Consider RAIT ABC. If we maintain a corner (A) of the triangle at (0,0), then we can say that for a every positive point (B) along y=1 (so (1,1),(2,1),etc a RAIT exists whose other corner (C) is at (n,n), where Cn = Bx-1. It should be obvious that must also be true for y=2 (starting from B(2,2), y=3 (starting from B(3,3), etc. - you're just doubling, tripling, etc. the cooordinates. Does that help? (I'm no mathematician - in case that's not obvious)
Consider any triangle in the box. It has a unique bounding box (in the sense that it only has one, not that it's the only triangle with that bounding box). So, if you consider every possible bounding box side lengths, (i,j), and count the number of RAIT triangles with this bounding box, (denote this CP(i,j)) then your answer is sum(i=1 to n, sum(j=1 to m,CP(i,j)*(m-j+1))*(n-i+1)). The (m-j+1)*(n-i+1) is counting how many of that size box can fit in the n*m box. So the hard part now is to find CP(i,j). Again, CP(i,j) is the number of RAIT triangles with points on the perimeter of the box with lengths i and j. We can use symmetry to our advantage here. Assume with no loss of generality that the right angle is ABC. Imagine the triangle being aligned with the positive axes.
A
|\
| \
B__C
Now consider rotating it clockwise until it lines back up with itself. There are two possibilities through that process: BC is in quadrants 1 and 2 or in quadrants 3 and 4.
2|1
---
3|4
What we notice here is that in the first case B lies along the bottom or right of the bounding box, and in the second case B lies along the top or left of the bounding box. So wlog we assume that B lies along the bottom or right, excluding the very bottom left corner.
+-----*
| *
| *
+******
Once we calculate how many RAIT triangles have this property we can just double it!

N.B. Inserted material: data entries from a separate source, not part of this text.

(* Let $X$ be a Fréchet space and let $(T(t))_{t\geqslant0}$ be an exponentially equicontinuous $C_0$-semigroup on $X$ with generator $(A,D(A))$. Then \[-\infty\leqslant \operatorname{s}(A)\leqslant\omega_0(T)<+\infty.\]
   Context: A Fréchet space is a complete metrizable locally convex space; $\operatorname{cs}(X)$ denotes its continuous seminorms, a fundamental system is a subset $\Gamma\subseteq\operatorname{cs}(X)$ generating the topology, and $L(X)$ is the space of continuous linear maps $X\to X$. A set of operators in $L(X)$ is equicontinuous if for every continuous seminorm $q$ there exist a continuous seminorm $p$ and $C\geqslant0$ with $q(Sx)\leqslant Cp(x)$ for all operators $S$ in the set and all $x\in X$. A $C_0$-semigroup is a family $(T(t))_{t\geqslant0}\subseteq L(X)$ with $T(0)=\mathrm{id}_X$, $T(t+s)=T(t)T(s)$ for all $t,s\geqslant0$, and $t\mapsto T(t)x$ continuous on $[0,\infty)$ for every $x\in X$. It is exponentially equicontinuous of order $\omega\in\mathbb{R}$ if $\{e^{-\omega t}T(t)\}_{t\geqslant0}$ is equicontinuous, and exponentially equicontinuous if this holds for some $\omega\in\mathbb{R}$. The growth bound $\omega_0(T)$ is the infimum of all $\omega\in\mathbb{R}$ such that $\{e^{-\omega t}T(t)\}_{t\geqslant0}$ is equicontinuous. The generator is $Ax=\lim_{t\searrow0}\frac{T(t)x-x}{t}$ on $D(A)=\{x\in X: \lim_{t\searrow0}\frac{T(t)x-x}{t}\text{ exists}\}$. Let $L(X)_0$ denote the set of $B\in L(X)$ for which there is $\mu\in\mathbb{C}\setminus\{0\}$ such that $\{(\mu B)^n\}_{n\in\mathbb{N}_0}$ is equicontinuous (equivalently, bounded in the topology of uniform convergence on bounded sets). For a linear operator $A\colon D(A)\to X$ with $D(A)\subseteq X$ a linear subspace, put $\delta_A=\{\infty\}$ if $D(A)=X$ and $A\in L(X)_0$, and $\delta_A=\varnothing$ otherwise. The resolvent set is $\rho(A)=\{\lambda\in\mathbb{C}: \lambda-A\colon D(A)\to X\text{ is bijective and }R(\lambda,A)=(\lambda-A)^{-1}\in L(X)_0\}\cup\delta_A$, the spectrum is $\sigma(A)=(\mathbb{C}\cup\{\infty\})\setminus\rho(A)$, and the spectral bound is $\operatorname{s}(A)=\sup\{\operatorname{Re}\lambda:\lambda\in\sigma(A)\cap\mathbb{C}\}$ (with $\sup\varnothing=-\infty$). *)

theory Defs
  imports "HOL-Analysis.Analysis"
begin

class cvector = ab_group_add +
  fixes scaleC :: "complex \<Rightarrow> 'a \<Rightarrow> 'a" (infixr "*\<^sub>C" 75)
  assumes scaleC_add_right: "a *\<^sub>C (x + y) = a *\<^sub>C x + a *\<^sub>C y"
    and scaleC_add_left: "(a + b) *\<^sub>C x = a *\<^sub>C x + b *\<^sub>C x"
    and scaleC_scaleC: "a *\<^sub>C (b *\<^sub>C x) = (a * b) *\<^sub>C x"
    and scaleC_one: "1 *\<^sub>C x = x"

definition clinear_map :: "('a::cvector \<Rightarrow> 'a) \<Rightarrow> bool" where
  "clinear_map T \<longleftrightarrow> (\<forall>x y. T (x + y) = T x + T y) \<and> (\<forall>c x. T (c *\<^sub>C x) = c *\<^sub>C T x)"

definition seminorm :: "('a::cvector \<Rightarrow> real) \<Rightarrow> bool" where
  "seminorm p \<longleftrightarrow> (\<forall>x y. p (x + y) \<le> p x + p y) \<and> (\<forall>c x. p (c *\<^sub>C x) = cmod c * p x)"

definition seminorm_topology :: "(nat \<Rightarrow> 'a::cvector \<Rightarrow> real) \<Rightarrow> 'a topology" where
  "seminorm_topology P = topology (\<lambda>U. \<forall>x\<in>U. \<exists>m. \<exists>e>0.
      {y. (\<Sum>k\<le>m. P k (y - x)) < e} \<subseteq> U)"

definition frechet :: "(nat \<Rightarrow> 'a::cvector \<Rightarrow> real) \<Rightarrow> bool" where
  "frechet P \<longleftrightarrow> (\<forall>n. seminorm (P n))
     \<and> (\<forall>x. (\<forall>n. P n x = 0) \<longrightarrow> x = 0)
     \<and> (\<forall>f :: nat \<Rightarrow> 'a. (\<forall>n. \<forall>e>0. \<exists>N. \<forall>k\<ge>N. \<forall>l\<ge>N. P n (f k - f l) < e)
            \<longrightarrow> (\<exists>y. limitin (seminorm_topology P) f y sequentially))"

definition cont_seminorms :: "(nat \<Rightarrow> 'a::cvector \<Rightarrow> real) \<Rightarrow> ('a \<Rightarrow> real) set" where
  "cont_seminorms P = {q. seminorm q \<and> continuous_map (seminorm_topology P) euclideanreal q}"

definition cont_ops :: "(nat \<Rightarrow> 'a::cvector \<Rightarrow> real) \<Rightarrow> ('a \<Rightarrow> 'a) set" where
  "cont_ops P = {T. clinear_map T \<and>
      continuous_map (seminorm_topology P) (seminorm_topology P) T}"

definition equicontinuous :: "(nat \<Rightarrow> 'a::cvector \<Rightarrow> real) \<Rightarrow> ('a \<Rightarrow> 'a) set \<Rightarrow> bool" where
  "equicontinuous P S \<longleftrightarrow> S \<subseteq> cont_ops P \<and>
     (\<forall>q\<in>cont_seminorms P. \<exists>p\<in>cont_seminorms P. \<exists>C\<ge>0.
        \<forall>B\<in>S. \<forall>x. q (B x) \<le> C * p x)"

definition C0_semigroup :: "(nat \<Rightarrow> 'a::cvector \<Rightarrow> real) \<Rightarrow> (real \<Rightarrow> 'a \<Rightarrow> 'a) \<Rightarrow> bool" where
  "C0_semigroup P T \<longleftrightarrow> (\<forall>t\<ge>0. T t \<in> cont_ops P) \<and> T 0 = id
     \<and> (\<forall>t\<ge>0. \<forall>s\<ge>0. T (t + s) = T t \<circ> T s)
     \<and> (\<forall>x. continuous_map (top_of_set {0..}) (seminorm_topology P) (\<lambda>t. T t x))"

definition exp_equicont_order :: "(nat \<Rightarrow> 'a::cvector \<Rightarrow> real) \<Rightarrow> (real \<Rightarrow> 'a \<Rightarrow> 'a) \<Rightarrow> real \<Rightarrow> bool" where
  "exp_equicont_order P T \<omega> \<longleftrightarrow>
     equicontinuous P ((\<lambda>t x. complex_of_real (exp (- \<omega> * t)) *\<^sub>C T t x) ` {0..})"

definition exp_equicont :: "(nat \<Rightarrow> 'a::cvector \<Rightarrow> real) \<Rightarrow> (real \<Rightarrow> 'a \<Rightarrow> 'a) \<Rightarrow> bool" where
  "exp_equicont P T \<longleftrightarrow> (\<exists>\<omega>. exp_equicont_order P T \<omega>)"

text \<open>Growth bound, as an extended real (Inf of the empty set is +infinity)\<close>
definition growth_bound :: "(nat \<Rightarrow> 'a::cvector \<Rightarrow> real) \<Rightarrow> (real \<Rightarrow> 'a \<Rightarrow> 'a) \<Rightarrow> ereal" where
  "growth_bound P T = (INF \<omega>\<in>{\<omega>. exp_equicont_order P T \<omega>}. ereal \<omega>)"

definition is_generator :: "(nat \<Rightarrow> 'a::cvector \<Rightarrow> real) \<Rightarrow> (real \<Rightarrow> 'a \<Rightarrow> 'a)
    \<Rightarrow> ('a \<Rightarrow> 'a) \<Rightarrow> 'a set \<Rightarrow> bool" where
  "is_generator P T A D \<longleftrightarrow>
     D = {x. \<exists>y. limitin (seminorm_topology P)
                 (\<lambda>h. complex_of_real (1 / h) *\<^sub>C (T h x - x)) y (at_right 0)}
     \<and> (\<forall>x\<in>D. limitin (seminorm_topology P)
                 (\<lambda>h. complex_of_real (1 / h) *\<^sub>C (T h x - x)) (A x) (at_right 0))"

definition L0 :: "(nat \<Rightarrow> 'a::cvector \<Rightarrow> real) \<Rightarrow> ('a \<Rightarrow> 'a) set" where
  "L0 P = {B \<in> cont_ops P. \<exists>\<mu>. \<mu> \<noteq> 0 \<and>
      equicontinuous P (range (\<lambda>n::nat. \<lambda>x. (\<mu> ^ n) *\<^sub>C (B ^^ n) x))}"

text \<open>Resolvent set as a subset of C \<union> {\<infinity>}, modelled by complex option
  (None = \<infinity>).\<close>
definition resolvent_set :: "(nat \<Rightarrow> 'a::cvector \<Rightarrow> real) \<Rightarrow> ('a \<Rightarrow> 'a) \<Rightarrow> 'a set
    \<Rightarrow> complex option set" where
  "resolvent_set P A D =
     Some ` {l. bij_betw (\<lambda>x. l *\<^sub>C x - A x) D UNIV
                \<and> inv_into D (\<lambda>x. l *\<^sub>C x - A x) \<in> L0 P}
     \<union> (if D = UNIV \<and> A \<in> L0 P then {None} else {})"

definition spectrum_op :: "(nat \<Rightarrow> 'a::cvector \<Rightarrow> real) \<Rightarrow> ('a \<Rightarrow> 'a) \<Rightarrow> 'a set
    \<Rightarrow> complex option set" where
  "spectrum_op P A D = UNIV - resolvent_set P A D"

text \<open>Spectral bound (Sup of the empty set is -infinity)\<close>
definition spectral_bound :: "(nat \<Rightarrow> 'a::cvector \<Rightarrow> real) \<Rightarrow> ('a \<Rightarrow> 'a) \<Rightarrow> 'a set \<Rightarrow> ereal" where
  "spectral_bound P A D = (SUP l\<in>{l. Some l \<in> spectrum_op P A D}. ereal (Re l))"

end

theory Submission
  imports Defs
begin

text \<open>
  Finiteness of the growth bound is exponential equicontinuity itself. For the spectral bound, let
  \<open>exp (- \<omega> t) T t\<close> be equicontinuous and \<open>Re \<lambda> > \<omega>\<close>; we show \<open>\<lambda> \<in> \<rho>(A)\<close>. The seminorms
  \<open>q\<^sub>n x = sup\<^sub>t\<^sub>\<ge>\<^sub>0 exp (- \<omega> t) p\<^sub>n (T t x)\<close> are continuous, dominate \<open>p\<^sub>n\<close>, and satisfy
  \<open>q\<^sub>n (T s x) \<le> exp (\<omega> s) q\<^sub>n x\<close>. Hence the Riemann sums of the Laplace integral
  \<open>R x = \<integral>\<^sub>0\<^sup>\<infinity> exp (- \<lambda> t) T t x dt\<close> form a Cauchy sequence, and their limit satisfies
  \<open>q\<^sub>n (R x) \<le> q\<^sub>n x / (Re \<lambda> - \<omega>)\<close>: the powers of \<open>(Re \<lambda> - \<omega>) R\<close> are equicontinuous, that is,
  \<open>R \<in> L(X)\<^sub>0\<close>. Finally \<open>(T h R x - R x) / h \<rightarrow> \<lambda> R x - x\<close> as \<open>h \<rightarrow> 0+\<close>, which makes \<open>R\<close> a
  two-sided inverse of \<open>\<lambda> - A\<close>.
\<close>

lemma scaleC_zero_left [simp]: "0 *\<^sub>C (x::'a::cvector) = 0"
  using scaleC_add_left[of 0 0 x] by simp

lemma scaleC_zero_right [simp]: "a *\<^sub>C (0::'a::cvector) = 0"
  using scaleC_add_right[of a 0 0] by simp

lemma scaleC_minus_left: "(- a) *\<^sub>C (x::'a::cvector) = - (a *\<^sub>C x)"
  using scaleC_add_left[of a "- a" x] by (simp add: eq_neg_iff_add_eq_0 add.commute)

lemma scaleC_minus_right: "a *\<^sub>C (- x::'a::cvector) = - (a *\<^sub>C x)"
  using scaleC_add_right[of a x "- x"] by (simp add: eq_neg_iff_add_eq_0 add.commute)

lemma scaleC_diff_left: "(a - b) *\<^sub>C (x::'a::cvector) = a *\<^sub>C x - b *\<^sub>C x"
  using scaleC_add_left[of a "- b" x] by (simp add: scaleC_minus_left)

lemma scaleC_diff_right: "a *\<^sub>C (x - y::'a::cvector) = a *\<^sub>C x - a *\<^sub>C y"
  using scaleC_add_right[of a x "- y"] by (simp add: scaleC_minus_right)

lemma scaleC_sum_left: "(sum f A) *\<^sub>C (x::'a::cvector) = (\<Sum>i\<in>A. f i *\<^sub>C x)"
  by (induction A rule: infinite_finite_induct) (auto simp: scaleC_add_left)

lemma scaleC_sum_right: "a *\<^sub>C (sum f A::'a::cvector) = (\<Sum>i\<in>A. a *\<^sub>C f i)"
  by (induction A rule: infinite_finite_induct) (auto simp: scaleC_add_right)

lemma scaleC_left_commute: "a *\<^sub>C b *\<^sub>C (x::'a::cvector) = b *\<^sub>C a *\<^sub>C x"
  by (simp add: scaleC_scaleC mult.commute)

lemma clinear_map_add: "clinear_map T \<Longrightarrow> T (x + y) = T x + T y"
  by (simp add: clinear_map_def)

lemma clinear_map_scaleC: "clinear_map T \<Longrightarrow> T (c *\<^sub>C x) = c *\<^sub>C T x"
  by (simp add: clinear_map_def)

lemma clinear_map_zero: "clinear_map T \<Longrightarrow> T 0 = 0"
  using clinear_map_scaleC[of T 0 0] by simp

lemma clinear_map_diff: "clinear_map T \<Longrightarrow> T (x - y) = T x - T y"
  using clinear_map_scaleC[of T "- 1" y] clinear_map_add[of T x "(- 1) *\<^sub>C y"]
  by (simp add: scaleC_minus_left scaleC_one)

lemma clinear_map_sum: "clinear_map T \<Longrightarrow> T (sum f A) = (\<Sum>i\<in>A. T (f i))"
  by (induction A rule: infinite_finite_induct) (auto simp: clinear_map_add clinear_map_zero)

lemma clinear_map_funpow: "clinear_map T \<Longrightarrow> clinear_map (T ^^ n)"
  by (induction n) (simp_all add: clinear_map_def)

lemma seminorm_add: "seminorm p \<Longrightarrow> p (x + y) \<le> p x + p y"
  by (simp add: seminorm_def)

lemma seminorm_scaleC: "seminorm p \<Longrightarrow> p (c *\<^sub>C x) = cmod c * p x"
  by (simp add: seminorm_def)

lemma seminorm_zero: "seminorm p \<Longrightarrow> p 0 = 0"
  using seminorm_scaleC[of p 0 0] by simp

lemma seminorm_minus: "seminorm p \<Longrightarrow> p (- x) = p x"
  using seminorm_scaleC[of p "- 1" x] by (simp add: scaleC_minus_left scaleC_one)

If B is at the top right corner, then there is just one triangle to test for RAIT-ness, same if it's in the bottom right corner. If it's along the right wall, then there are i triangles to check (placing C at each point along the top, and calculating the third point to see if it forms the given bounding box). Similarly, if it's along the bottom wall, then there are j triangles to check.
This is definitely worse than O(m*n), it's probably somewhere around O(m^2*n^2), but hopefully this helps somehow.
EDIT
We can actually do a little better in our testing triangles. With a little geometric intuition, we can see that if B is along the bottom, and closer to the bottom right corner, then C is in the top right corner. Similarly if it's closer to the bottom left corner, then A is in the top right corner. So we can just consider half of B's positions, and for each position we only need to consider one possible triangle. (The argument when B is on the right is similar).